La questione riguarda la tutela del domicilio aziendale, che la Corte europea dei diritti dell’uomo (CEDU) ha equiparato a quello dell’abitazione privata, etichettando di conseguenza le prassi ispettive italiane troppo sbilanciate a favore dello Stato. L’amministrazione finanziaria, in molti casi, autorizzava se stessa all’accesso senza un controllo terzo e indipendente, violando quel livello di protezione che spetterebbe a ogni sede.

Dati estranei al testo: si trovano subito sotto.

lemma tube_feasible_from_plan:
  fixes A :: "real^'n^'n" and B :: "real^'m^'n" and C :: "real^'n^'p" and K :: "real^'n^'m"
  defines "Acl \<equiv> A + B ** K"
  assumes inv: "msum (mimage Acl Z) W \<subseteq> Z"
    and e: "x - xp \<in> Z"
    and nominal_state: "\<And>l. l < L \<Longrightarrow> pred A B l xp up \<in> pdiff X Z"
    and nominal_input: "up \<in> pdiff U (mimage K Z)"
    and ref: "\<And>j. j \<le> L \<Longrightarrow> xr (k + j) = pred A B j xp up"
  shows "tube_feasible A B C K X U W Z x xr k L
           (\<lambda>j. pred A B j xp up + mpow Acl j *v (x - xp))
           (\<lambda>j. up + K *v (mpow Acl j *v (x - xp)))"
proof -
  define E where "E = Eset Acl W"
  have err: "mpow Acl j *v (x - xp) + d \<in> Z" if "d \<in> E j" for j d
    using mpow_add_Eset_in_invariant[OF inv e] that by (simp add: E_def)
  then have err_tightened: "mpow Acl j *v (x - xp) \<in> pdiff Z (E j)" for j
    by (simp add: mem_pdiff_iff)
  have step: "pred A B (Suc j) xp up + mpow Acl (Suc j) *v (x - xp)
      = A *v (pred A B j xp up + mpow Acl j *v (x - xp)) + B *v (up + K *v (mpow Acl j *v (x - xp)))"
    for j
    by (simp add: pred_Suc mpow_Suc_mult_vec closed_loop_mult_vec[of A B K, folded Acl_def]
        matrix_vector_right_distrib algebra_simps del: mpow.simps)
  have "pred A B j xp up + mpow Acl j *v (x - xp) \<in> pdiff X (E j)" if "j < L" for j
    using nominal_state[OF that] err by (simp add: mem_pdiff_iff add.assoc)
  moreover have "up + K *v (mpow Acl j *v (x - xp)) \<in> pdiff U (mimage K (E j))" for j
    using nominal_input err by (force simp: mem_pdiff_iff mem_mimage_iff matrix_vector_right_distrib add.assoc)
  moreover have "C *v (pred A B j xp up + mpow Acl j *v (x - xp) - xr (k + j))
                   \<in> mimage C (pdiff Z (E j))" if "j < L" for j
    using ref[of j] that err_tightened[of j] by (auto simp: mem_mimage_iff)
  moreover have "pred A B L xp up + mpow Acl L *v (x - xp) - xr (k + L) \<in> pdiff Z (E L)"
    using ref[of L] err_tightened[of L] by simp
  ultimately show ?thesis
    unfolding tube_feasible_def Acl_def[symmetric] E_def[symmetric] using step by simp
qed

Ora, in base all’articolo 7-quinquies dello Statuto del contribuente (previsto dalla riforma del processo tributario ed entrato in vigore nel 2024) i dati, documenti ed elementi acquisiti in violazione di legge non possono essere utilizzati come base per un accertamento tributario. Per questo motivo i giudici hanno rimesso alle sezioni unite della Cassazione di stabilire se questa norma sia da considerare una regola del tutto nuova – applicabile solo dal 2024 in poi – oppure la formalizzazione di un principio già esistente nell’ordinamento, fondato sull’articolo 14 della Costituzione. Se le Sezioni Unite dovessero confermare la seconda ipotesi, gli avvisi di accertamento costruiti su accessi autorizzati senza un controllo terzo rischierebbero di crollare anche se risalgono a oltre un decennio fa.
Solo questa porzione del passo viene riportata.